Resources
Authors & Affiliations
Mathias Peuvrier, Isabelle Merlet, Fabrice Bartolomei, Fabrice Wendling
Abstract
Interictal Epileptiform Discharges (IEDs) are essential biomarkers of epilepsy in patients’ electroencephalograms (EEGs).The correct detection of IEDs helps the diagnosis, the localization of the epileptogenic zone and the monitoring of treatment. The gold standard to detect IEDs is the visual inspection of EEGs, performed by clinical experts. However, this task is time-consuming, prone to human error and subjectivity, and suffers from intra and inter-observer variability.This motivates the development of automated IED detectors. Researchers have explored various methods, from classical signal processing to end-to-end machine learning (ML) models. In recent years ML algorithms have gained in popularity for their high accuracy, often outperforming traditional signal processing techniques and achieving performance levels comparable to human experts.Yet, critical issues remain.
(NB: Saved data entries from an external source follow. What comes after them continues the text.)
lemma even_grade_commute:
  assumes "x \<in> G i" and "even i" and "y \<in> G j"
  shows "x * y = y * x"
  using graded_commute[OF assms(1,3)] assms(2) by (simp add: parity_sign_def)

lemma prod_list_upt_grade:
  assumes "\<And>t. l \<le> t \<Longrightarrow> t < m \<Longrightarrow> f t \<in> G (k t)"
  shows "prod_list (map f [l..<m]) \<in> G (\<Sum>t\<in>{l..<m}. k t)"
  using assms
proof (induction m)
  case (Suc m)
  then show ?case
    by (cases "l \<le> m") (simp_all add: grade_mult grade_one)
qed (simp add: grade_one)

lemma d_prod_list_upt:
  assumes "\<And>t. l \<le> t \<Longrightarrow> t < m \<Longrightarrow> f t \<in> G (k t)"
  shows "d (prod_list (map f [l..<m])) =
    (\<Sum>j\<in>{l..<m}. parity_sign (\<Sum>t\<in>{l..<j}. k t) *\<^sub>R
       (prod_list (map f [l..<j]) * d (f j) * prod_list (map f [Suc j..<m])))"
  using assms
proof (induction m)
  case (Suc m)
  show ?case
  proof (cases "l \<le> m")
    case True
    have "d (prod_list (map f [l..<Suc m])) = d (prod_list (map f [l..<m]) * f m)"
      using True by simp
    also have "\<dots> = d (prod_list (map f [l..<m])) * f m +
        parity_sign (\<Sum>t\<in>{l..<m}. k t) *\<^sub>R (prod_list (map f [l..<m]) * d (f m))"
      using Suc.prems by (intro d_mult prod_list_upt_grade) simp
    also have "d (prod_list (map f [l..<m])) * f m =
        (\<Sum>j\<in>{l..<m}. parity_sign (\<Sum>t\<in>{l..<j}. k t) *\<^sub>R
           (prod_list (map f [l..<j]) * d (f j) * prod_list (map f [Suc j..<Suc m])))"
      using Suc by (simp add: sum_distrib_right mult.assoc)
    finally show ?thesis
      using True by simp
  qed (simp add: d_one)
qed (simp add: d_one)

end

locale primitives_of_products = dga G d
  for G :: "int \<Rightarrow> 'a::real_algebra_1 set" and d :: "'a \<Rightarrow> 'a" +
  fixes a :: 'a and ka :: int and b :: "nat \<Rightarrow> 'a" and kb :: "nat \<Rightarrow> int"
    and xi :: "nat \<Rightarrow> 'a" and kxi :: "nat \<Rightarrow> int" and n :: nat
  assumes a_grade: "a \<in> G ka" and even_ka: "even ka"
    and b_grade: "\<And>i. 1 \<le> i \<Longrightarrow> i \<le> n \<Longrightarrow> b i \<in> G (kb i)"
    and d_b: "\<And>i. 1 \<le> i \<Longrightarrow> i \<le> n \<Longrightarrow> d (b i) = 0"
    and xi_grade: "\<And>i. 1 \<le> i \<Longrightarrow> i \<le> n \<Longrightarrow> xi i \<in> G (kxi i)"
    and d_xi: "\<And>i. 1 \<le> i \<Longrightarrow> i \<le> n \<Longrightarrow> d (xi i) = a * b i"
begin

definition xi_prod :: "nat \<Rightarrow> nat \<Rightarrow> 'a" where
  "xi_prod l m = prod_list (map xi [l..<m])"

definition xi_degree :: "nat \<Rightarrow> nat \<Rightarrow> int" where
  "xi_degree l m = (\<Sum>t\<in>{l..<m}. kxi t)"

definition c_term :: "nat \<Rightarrow> nat \<Rightarrow> 'a" where
  "c_term m i = parity_sign (xi_degree 1 i) *\<^sub>R (xi_prod 1 i * b i * xi_prod (Suc i) (Suc m))"

definition c :: "nat \<Rightarrow> 'a" where
  "c m = (\<Sum>i = 1..m. c_term m i)"

lemma xi_prod_grade: "1 \<le> l \<Longrightarrow> m \<le> Suc n \<Longrightarrow> xi_prod l m \<in> G (xi_degree l m)"
  unfolding xi_prod_def xi_degree_def by (intro prod_list_upt_grade xi_grade) auto

lemma d_xi_prod:
  "1 \<le> l \<Longrightarrow> m \<le> Suc n \<Longrightarrow>
   d (xi_prod l m) = (\<Sum>j\<in>{l..<m}. parity_sign (xi_degree l j) *\<^sub>R
                       (xi_prod l j * (a * b j) * xi_prod (Suc j) m))"
  unfolding xi_prod_def xi_degree_def
  by (subst d_prod_list_upt[where k = kxi]) (auto intro: xi_grade intro!: sum.cong simp: d_xi)

lemma xi_degree_split:
  "l \<le> i \<Longrightarrow> i < m \<Longrightarrow> xi_degree l m = xi_degree l i + kxi i + xi_degree (Suc i) m"
  unfolding xi_degree_def
  by (metis add.assoc le_less_trans less_imp_le sum.atLeastLessThan_concat sum.atLeast_Suc_lessThan)

lemma a_commute: "x \<in> G k \<Longrightarrow> a * x = x * a"
  using even_grade_commute[OF a_grade even_ka] .

lemma parity_signs_cancel_on_a_b:
  assumes "1 \<le> i" and "i \<le> n"
  shows "(parity_sign (kxi i) + parity_sign (kb i)) *\<^sub>R (a * b i) = 0"
proof (cases "a * b i = 0")
  case False
  have "a * b i \<in> G (ka + kb i)"
    using grade_mult[OF a_grade b_grade[OF assms]] .
  moreover have "a * b i \<in> G (kxi i + 1)"
    using d_grade[OF xi_grade[OF assms]] d_xi[OF assms] by simp
  ultimately have "kxi i + 1 = ka + kb i"
    using grade_unique False by blast
  with even_ka have "odd (kxi i + kb i)"
    by presburger
  then show ?thesis
    by (auto simp: parity_sign_def)
qed simp

lemma xi_prod_Suc: "l \<le> m \<Longrightarrow> xi_prod l (Suc m) = xi_prod l m * xi m"
  by (simp add: xi_prod_def)

lemma xi_prod_empty: "m \<le> l \<Longrightarrow> xi_prod l m = 1"
  by (simp add: xi_prod_def)

lemma c_Suc:
  "c (Suc m) = c m * xi (Suc m) +
     parity_sign (xi_degree 1 (Suc m)) *\<^sub>R (xi_prod 1 (Suc m) * b (Suc m))"
proof -
  have "c_term (Suc m) i = c_term m i * xi (Suc m)" if "i \<in> {1..m}" for i
    using that by (simp add: c_term_def xi_prod_Suc mult.assoc)
  then have "(\<Sum>i = 1..m. c_term (Suc m) i) = c m * xi (Suc m)"
    by (simp add: c_def sum_distrib_right)
  then show ?thesis
    by (simp add: c_def c_term_def xi_prod_empty)
qed

lemma c_term_grade:
  "1 \<le> i \<Longrightarrow> i \<le> m \<Longrightarrow> m \<le> n \<Longrightarrow>
   c_term m i \<in> G (xi_degree 1 i + kb i + xi_degree (Suc i) (Suc m))"
  unfolding c_term_def by (intro grade_mult grade_scaleR xi_prod_grade b_grade) auto

lemma c_term_times_a:
  assumes "1 \<le> i" and "i \<le> m" and "m \<le> n"
  shows "c_term m i * (a * y) =
    parity_sign (xi_degree 1 i) *\<^sub>R (xi_prod 1 i * (a * b i) * xi_prod (Suc i) (Suc m) * y)"
proof -
  have "xi_prod (Suc i) (Suc m) * (a * z) = a * (xi_prod (Suc i) (Suc m) * z)" for z
    using a_commute[OF xi_prod_grade] assms by (simp flip: mult.assoc)
  moreover have "b i * (a * z) = a * (b i * z)" for z
    using a_commute[OF b_grade] assms by (simp flip: mult.assoc)
  ultimately show ?thesis
    by (simp add: c_term_def mult.assoc)
qed

lemma d_c_times_xi:
  assumes "m < n"
  shows "d (c m * xi (Suc m)) = d (c m) * xi (Suc m) +
    (\<Sum>i = 1..m. parity_sign (xi_degree 1 i + kb i + xi_degree (Suc i) (Suc m)) *\<^sub>R
                   (c_term m i * (a * b (Suc m))))"
proof -
  have "d (c_term m i * xi (Suc m)) = d (c_term m i) * xi (Suc m) +
      parity_sign (xi_degree 1 i + kb i + xi_degree (Suc i) (Suc m)) *\<^sub>R
        (c_term m i * (a * b (Suc m)))" if "i \<in> {1..m}" for i
    using that assms d_mult[OF c_term_grade] d_xi[of "Suc m"] by simp
  then show ?thesis
    by (simp add: c_def sum_distrib_right d_sum sum.distrib)
qed
(* Let $G$ be an ordered graph, and let $k,\ell \in \mathbb{N}$. If the irreducible block decomposition of $G$ contains at least $k$ blocks of order at least $\ell$, then $S_n(G) \geqslant F_{n,\ell}$ for each $n \leqslant k$.
   Context: Ordered graphs of order $n$ have vertex set $[n]$ with the natural order. A pair of vertices $u<v$ separates the edges of $G$ if every edge $ij$ ($i<j$) has $j\leqslant u$ or $v\leqslant i$; $G$ is irreducible if no pair separates its edges. For ordered graphs $G_1,\dots,G_m$, $G_1+\dots+G_m$ is the ordered graph obtained by placing copies of $G_1,\dots,G_m$ consecutively from left to right with no edges between copies. Every ordered graph $G$ can be written uniquely as $G=G_1+\dots+G_m$ with each $G_i$ irreducible; $(G_1,\dots,G_m)$ is its irreducible block decomposition and the $G_i$ are its irreducible blocks. $S_n(G)$ is the number of distinct (non-isomorphic as ordered graphs) induced ordered subgraphs of $G$ of order $n$. $F_{n,\ell}$: $F_{n,\ell}=0$ for $n<0$, $F_{0,\ell}=1$, $F_{n,\ell}=F_{n-1,\ell}+\dots+F_{n-\ell,\ell}$ for $n\geqslant1$. *)

theory Defs
  imports Main
begin

text \<open>An ordered graph of order N is represented canonically as a pair (N, E) with vertex
  set {0..<N} (the natural order; this is [N] shifted by one) and edge set E of pairs (i,j)
  with i < j < N. Since the representation is canonical, two ordered graphs are isomorphic
  (as ordered graphs) iff they are equal.\<close>

type_synonym ograph = "nat \<times> (nat \<times> nat) set"

definition ordered_graph :: "ograph \<Rightarrow> bool" where
  "ordered_graph G \<longleftrightarrow> snd G \<subseteq> {(i, j). i < j \<and> j < fst G}"

definition separates :: "ograph \<Rightarrow> nat \<Rightarrow> nat \<Rightarrow> bool" where
  "separates G u v \<longleftrightarrow> u < v \<and> v < fst G \<and> (\<forall>(i, j)\<in>snd G. j \<le> u \<or> v \<le> i)"

definition irreducible_og :: "ograph \<Rightarrow> bool" where
  "irreducible_og G \<longleftrightarrow> \<not> (\<exists>u v. separates G u v)"

definition og_plus :: "ograph \<Rightarrow> ograph \<Rightarrow> ograph" where
  "og_plus G H = (fst G + fst H, snd G \<union> {(i + fst G, j + fst G) | i j. (i, j) \<in> snd H})"

definition og_sum :: "ograph list \<Rightarrow> ograph" where
  "og_sum Gs = foldr og_plus Gs (0, {})"

definition block_decomposition :: "ograph \<Rightarrow> ograph list \<Rightarrow> bool" where
  "block_decomposition G Gs \<longleftrightarrow>
     (\<forall>H\<in>set Gs. ordered_graph H \<and> fst H > 0 \<and> irreducible_og H) \<and> og_sum Gs = G"

definition og_induced :: "ograph \<Rightarrow> nat set \<Rightarrow> ograph" where
  "og_induced G A =
     (card A, {(card {a\<in>A. a < i}, card {a\<in>A. a < j}) | i j. (i, j) \<in> snd G \<and> i \<in> A \<and> j \<in> A})"

definition S :: "nat \<Rightarrow> ograph \<Rightarrow> nat" where
  "S n G = card {og_induced G A | A. A \<subseteq> {0..<fst G} \<and> card A = n}"

fun F :: "nat \<Rightarrow> nat \<Rightarrow> nat" where
  "F 0 l = 1"
| "F (Suc n) l = (\<Sum>i<min l (Suc n). F (n - i) l)"

end

theory Submission
  imports Defs
begin

(* Write G = H + R with H the first irreducible block. If H has order at least l, then for every
   i < min l n the block H has an irreducible induced subgraph T_i on i + 1 vertices (grow the
   vertex set {0, ..., d} plus one further vertex, using an edge across each gap). An irreducible
   first summand is determined by the sum, so the graphs T_i + Y, with Y an induced subgraph of R on
   n - 1 - i vertices, are pairwise distinct induced subgraphs of G on n vertices. Hence
   S_n(G) >= sum_{i < min l n} S_{n-1-i}(R), which is the recursion of F_{n,l}; blocks of order
   less than l are skipped, since S_n(R) <= S_n(H + R). *)

lemma fst_og_plus [simp]: "fst (og_plus G H) = fst G + fst H"
  by (simp add: og_plus_def)

lemma snd_og_plus:
  "snd (og_plus G H) = snd G \<union> map_prod (\<lambda>i. i + fst G) (\<lambda>i. i + fst G) ` snd H"
  by (auto simp: og_plus_def)

lemma og_plus_empty_left [simp]: "og_plus (0, {}) G = G"
  by (simp add: og_plus_def)

lemma og_sum_Cons [simp]: "og_sum (H # Hs) = og_plus H (og_sum Hs)"
  by (simp add: og_sum_def)

lemma ordered_graph_edge: "ordered_graph G \<Longrightarrow> (i, j) \<in> snd G \<Longrightarrow> i < j \<and> j < fst G"
  by (auto simp: ordered_graph_def)

definition rank :: "nat set \<Rightarrow> nat \<Rightarrow> nat" where
  "rank A i = card {a\<in>A. a < i}"

lemma fst_og_induced [simp]: "fst (og_induced G A) = card A"
  by (simp add: og_induced_def)

lemma og_induced_conv:
  "og_induced G A = (card A, map_prod (rank A) (rank A) ` (snd G \<inter> A \<times> A))"
  unfolding og_induced_def rank_def by (auto simp: image_iff)

lemma rank_less_card: "finite A \<Longrightarrow> j \<in> A \<Longrightarrow> rank A j < card A"
  unfolding rank_def by (rule psubset_card_mono) auto

lemma rank_mono: "finite A \<Longrightarrow> i \<le> j \<Longrightarrow> rank A i \<le> rank A j"
  unfolding rank_def by (rule card_mono) auto

lemma rank_strict_mono: "finite A \<Longrightarrow> i \<in> A \<Longrightarrow> i < j \<Longrightarrow> rank A i < rank A j"
  unfolding rank_def by (rule psubset_card_mono) auto

lemma rank_Max: "finite A \<Longrightarrow> A \<noteq> {} \<Longrightarrow> rank A (Max A) = card A - 1"
proof -
  assume "finite A" "A \<noteq> {}"
  then have "{a\<in>A. a < Max A} = A - {Max A}"
    using Max_ge le_neq_implies_less by blast
  then show ?thesis
    using \<open>finite A\<close> \<open>A \<noteq> {}\<close> by (simp add: rank_def)
qed

lemma ordered_graph_og_induced:
  assumes "ordered_graph G" "finite A"
  shows "ordered_graph (og_induced G A)"
  using assms rank_strict_mono rank_less_card
  by (fastforce simp: ordered_graph_def og_induced_conv dest: ordered_graph_edge)

lemma irreducible_og_crossing_edge:
  assumes "irreducible_og G" "Suc p < fst G"
  obtains i j where "(i, j) \<in> snd G" "i \<le> p" "p < j"
proof -
  have "\<not> separates G p (Suc p)"
    using assms(1) by (auto simp: irreducible_og_def)
  then show ?thesis
    using assms(2) that by (fastforce simp: separates_def)
qed

lemma og_plus_irreducible_order_le:
  assumes "ordered_graph G" "0 < fst G" "irreducible_og G'"
    and "og_plus G H = og_plus G' H'"
  shows "fst G' \<le> fst G"
proof (rule ccontr)
  assume "\<not> fst G' \<le> fst G"
  then have "Suc (fst G - 1) < fst G'"
    using \<open>0 < fst G\<close> by simp
  then obtain i j where "(i, j) \<in> snd G'" "i \<le> fst G - 1" "fst G - 1 < j"
    by (rule irreducible_og_crossing_edge[OF \<open>irreducible_og G'\<close>])
  then have "(i, j) \<in> snd G'" "i < fst G" "fst G \<le> j"
    using \<open>0 < fst G\<close> by auto
  then have "(i, j) \<in> snd (og_plus G H)"
    using \<open>og_plus G H = og_plus G' H'\<close> by (simp add: snd_og_plus)
  then show False
    using \<open>i < fst G\<close> \<open>fst G \<le> j\<close>
    by (auto simp: snd_og_plus dest: ordered_graph_edge[OF \<open>ordered_graph G\<close>])
qed

lemma snd_og_plus_left:
  "ordered_graph G \<Longrightarrow> snd G = {e \<in> snd (og_plus G H). snd e < fst G}"
  by (auto simp: snd_og_plus dest: ordered_graph_edge)

lemma snd_og_plus_right:
  "ordered_graph G \<Longrightarrow> snd H = {(i, j). (i + fst G, j + fst G) \<in> snd (og_plus G H)}"
  by (auto simp: snd_og_plus dest: ordered_graph_edge)
lemma eff_res_S1_excess:
  fixes d :: nat and \<gamma> :: real
  assumes d: "d \<ge> 1" and reg: "\<forall>u\<in>S1. card {v\<in>S1. E1 u v} = d"
    and eig: "second_eig_ge S1 (norm_lap S1 (edge_adj E1)) \<gamma>" and \<gamma>: "\<gamma> > 0"
    and N1: "card N1 > 0" and S1: "card S1 \<ge> 2"
  defines "r \<equiv> eff_res (S1 \<union> {s, t}) adj s t - 1 / card N1"
  shows "0 \<le> r" "r \<le> 2 / card S1 + 2 / (\<gamma> * d * card N1)"
proof -
  have "N1 \<noteq> {}" "S1 \<noteq> {}"
    using N1 S1 by auto
  obtain \<phi> where \<phi>_t: "\<phi> t = 0"
    and \<phi>: "\<forall>u\<in>S1 \<union> {s, t}. lap_apply (S1 \<union> {s, t}) adj \<phi> u = of_bool (u = s) - of_bool (u = t)"
    and res: "eff_res (S1 \<union> {s, t}) adj s t = \<phi> s"
    by (rule S1_potential[OF \<open>N1 \<noteq> {}\<close>])
  have "\<gamma> * d * (\<Sum>u\<in>S1. (\<phi> u - (\<Sum>v\<in>S1. \<phi> v) / card S1)\<^sup>2) \<le> energy S1 (edge_adj E1) \<phi>"
    using E1_sym by (intro poincare_inequality[OF finite_S1 S1 _ d reg eig]) auto
  then have P: "0 \<le> (\<Sum>v\<in>N1. \<phi> v)" "(\<Sum>v\<in>N1. \<phi> v) \<le> 2 * card N1 / card S1 + 2 / (\<gamma> * d)"
    using source_mass_bound[OF finite_S1 \<open>S1 \<noteq> {}\<close> N1_subset \<open>N1 \<noteq> {}\<close>, of "\<gamma> * d" "\<phi> s" \<phi>]
      potential_S1_identities[OF \<phi> \<phi>_t] \<gamma> d by auto
  have r: "r = (\<Sum>v\<in>N1. \<phi> v) / card N1"
    using potential_S1_identities(1)[OF \<phi> \<phi>_t] res N1 unfolding r_def by (simp add: field_simps)
  show "0 \<le> r"
    unfolding r using P(1) by simp
  have "r \<le> (2 * card N1 / card S1 + 2 / (\<gamma> * d)) / card N1"
    unfolding r using P(2) by (intro divide_right_mono) auto
  also have "\<dots> = 2 / card S1 + 2 / (\<gamma> * d * card N1)"
    using N1 by (simp add: field_simps)
  finally show "r \<le> 2 / card S1 + 2 / (\<gamma> * d * card N1)" .
qed

lemma eff_res_bounds:
  fixes d ds x :: nat and \<gamma> :: real
  assumes d: "d \<ge> 1" and reg: "\<forall>u\<in>S1. card {v\<in>S1. E1 u v} = d"
    and eig: "second_eig_ge S1 (norm_lap S1 (edge_adj E1)) \<gamma>" and \<gamma>: "\<gamma> > 0"
    and x: "card N1 = x" "0 < x" "x \<le> ds" and N2: "card N2 = ds - x"
    and ds_ln: "real d \<ge> real ds * ln (card S1)" and S1: "card S1 \<ge> 2 * d ^ 3"
  shows "\<bar>eff_res (S1 \<union> {s, t}) adj s t - 1 / x\<bar> \<le> (4 + 4 / \<gamma>) * ln (card S1) / (real d * real x)
    \<and> \<bar>eff_res (S1 \<union> {s, t}) adj s t - 1 / x\<bar> \<le> (4 + 4 / \<gamma>) / (real ds * real x)
    \<and> (x < ds \<longrightarrow> eff_res (S2 \<union> {s, t}) adj s t = 2 / (real ds - real x))"
proof (intro conjI impI)
  have "d ^ 3 \<ge> 1"
    using d by simp
  then have "card S1 \<ge> 2"
    using S1 by linarith
  then have "ln 2 \<le> ln (card S1)"
    by simp
  then have "ln (card S1) \<ge> 1 / 2"
    using ln2_ge_two_thirds by linarith
  moreover have "real (card S1) \<ge> 2 * real d ^ 3"
    using S1 by (metis of_nat_le_iff of_nat_mult of_nat_numeral of_nat_power)
  ultimately have bounds: "2 / card S1 + 2 / (\<gamma> * d * x) \<le> (4 + 4 / \<gamma>) * ln (card S1) / (real d * real x)"
      "(4 + 4 / \<gamma>) * ln (card S1) / (real d * real x) \<le> (4 + 4 / \<gamma>) / (real ds * real x)"
    using error_term_bounds[of x d ds "card S1" \<gamma>] d x ds_ln \<gamma> by auto
  have "\<bar>eff_res (S1 \<union> {s, t}) adj s t - 1 / x\<bar> \<le> 2 / card S1 + 2 / (\<gamma> * d * x)"
    using eff_res_S1_excess[OF d reg eig \<gamma>] \<open>card S1 \<ge> 2\<close> x by simp
  with bounds show "\<bar>eff_res (S1 \<union> {s, t}) adj s t - 1 / x\<bar> \<le> (4 + 4 / \<gamma>) * ln (card S1) / (real d * real x)"
      "\<bar>eff_res (S1 \<union> {s, t}) adj s t - 1 / x\<bar> \<le> (4 + 4 / \<gamma>) / (real ds * real x)"
    by linarith+
next
  assume "x < ds"
  then have "N2 \<noteq> {}"
    using N2 by auto
  then show "eff_res (S2 \<union> {s, t}) adj s t = 2 / (real ds - real x)"
    using eff_res_S2 N2 \<open>x < ds\<close> by simp
qed
lemma descendant_trans:
  assumes "descendant V par z y" and "descendant V par y x"
  shows "descendant V par z x"
proof -
  obtain m n where "(par ^^ m) z = y" and "(par ^^ n) y = x"
    using assms unfolding descendant_def by blast
  then have "(par ^^ (n + m)) z = x" by (simp add: funpow_add)
  then show ?thesis using assms unfolding descendant_def by blast
qed

lemma descendant_parent: "v \<in> V \<Longrightarrow> par v \<in> V \<Longrightarrow> descendant V par v (par v)"
  unfolding descendant_def by (auto intro: exI[of _ 1])

definition upward_closed :: "'a set \<Rightarrow> ('a \<Rightarrow> 'a) \<Rightarrow> 'a set \<Rightarrow> bool" where
  "upward_closed V par X \<longleftrightarrow> X \<subseteq> V \<and> (\<forall>x\<in>X. par x \<in> X)"

definition tree_frontier :: "'a set \<Rightarrow> ('a \<Rightarrow> 'a) \<Rightarrow> 'a set \<Rightarrow> 'a set" where
  "tree_frontier V par X = {x \<in> X. \<exists>y\<in>V - X. descendant V par y x}"

definition path_cut :: "'a set \<Rightarrow> ('a \<Rightarrow> 'a) \<Rightarrow> 'a set \<Rightarrow> bool" where
  "path_cut V par X \<longleftrightarrow>
     upward_closed V par X \<and> (\<exists>u\<in>V. tree_frontier V par X \<subseteq> root_path V par u)"

lemma upward_closed_ancestor:
  assumes "upward_closed V par X" and "x \<in> X" and "descendant V par x y"
  shows "y \<in> X"
  using assms funpow_closed[of X par x] unfolding upward_closed_def descendant_def by blast

lemma unrelated_off_frontier:
  assumes "upward_closed V par X" and "tree_frontier V par X \<subseteq> P"
  shows "unrelated_sets V par (X - P) (V - X)"
  unfolding unrelated_sets_def related_def
proof (intro ballI notI)
  fix a b assume a: "a \<in> X - P" and b: "b \<in> V - X"
    and "descendant V par a b \<or> descendant V par b a"
  then consider "descendant V par a b" | "descendant V par b a" by blast
  then show False
  proof cases
    case 1
    then show False using upward_closed_ancestor[OF assms(1)] a b by blast
  next
    case 2
    then have "a \<in> tree_frontier V par X" using a b unfolding tree_frontier_def by blast
    then show False using a assms(2) by blast
  qed
qed
lemma linear_on_representation:
  assumes "linear_on W T" "subspace W" "independent B" "B \<subseteq> W" "x \<in> span B"
  shows "T x = (\<Sum>b\<in>B. representation B x b *s T b)"
proof -
  have "T x = T (\<Sum>b\<in>B. representation B x b *s b)"
    using sum_representation_eq[OF assms(3,5)] by simp
  also have "\<dots> = (\<Sum>b\<in>B. T (representation B x b *s b))"
    using assms by (intro linear_on_sum) (auto intro: subspace_scale)
  also have "\<dots> = (\<Sum>b\<in>B. representation B x b *s T b)"
    using assms unfolding linear_on_def by (intro sum.cong) auto
  finally show ?thesis .
qed

lemma maps_into_eqI:
  assumes S: "S \<in> maps_into (span B) Y" and T: "T \<in> maps_into (span B) Y" and B: "independent B"
    and ST: "\<And>b. b \<in> B \<Longrightarrow> S b = T b"
  shows "S = T"
proof
  fix x show "S x = T x"
  proof (cases "x \<in> span B")
    case True
    have "S x = (\<Sum>b\<in>B. representation B x b *s S b)"
      using S True B by (intro linear_on_representation) (auto simp: maps_into_def span_base)
    also have "\<dots> = (\<Sum>b\<in>B. representation B x b *s T b)"
      using ST by simp
    also have "\<dots> = T x"
      using T True B by (intro linear_on_representation[symmetric]) (auto simp: maps_into_def span_base)
    finally show ?thesis .
  next
    case False then show ?thesis using S T by (simp add: maps_into_def)
  qed
qed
ML algorithms are typically trained on private databases, making direct comparison across studies difficult, and publicly available datasets are often limited in size and diversity. EEG patterns vary significantly across individuals and even within the same patient, making it difficult for ML models struggle to generalize across multiple EEG profiles. There is also a high variability in the recording conditions (duration, number of channels, sampling rate) making the generalization of ML models complicated.To overcome these hurdles, we propose individualized ML models tailored to each patient’s unique EEG characteristics. Using a limited amount of annotated data, we show the importance of the preprocessing steps (dataset preparation). By testing different model architectures, our preliminary results demonstrate that well-configured individualized detectors provide valuable insights into IED quantification and localization from EEG signals.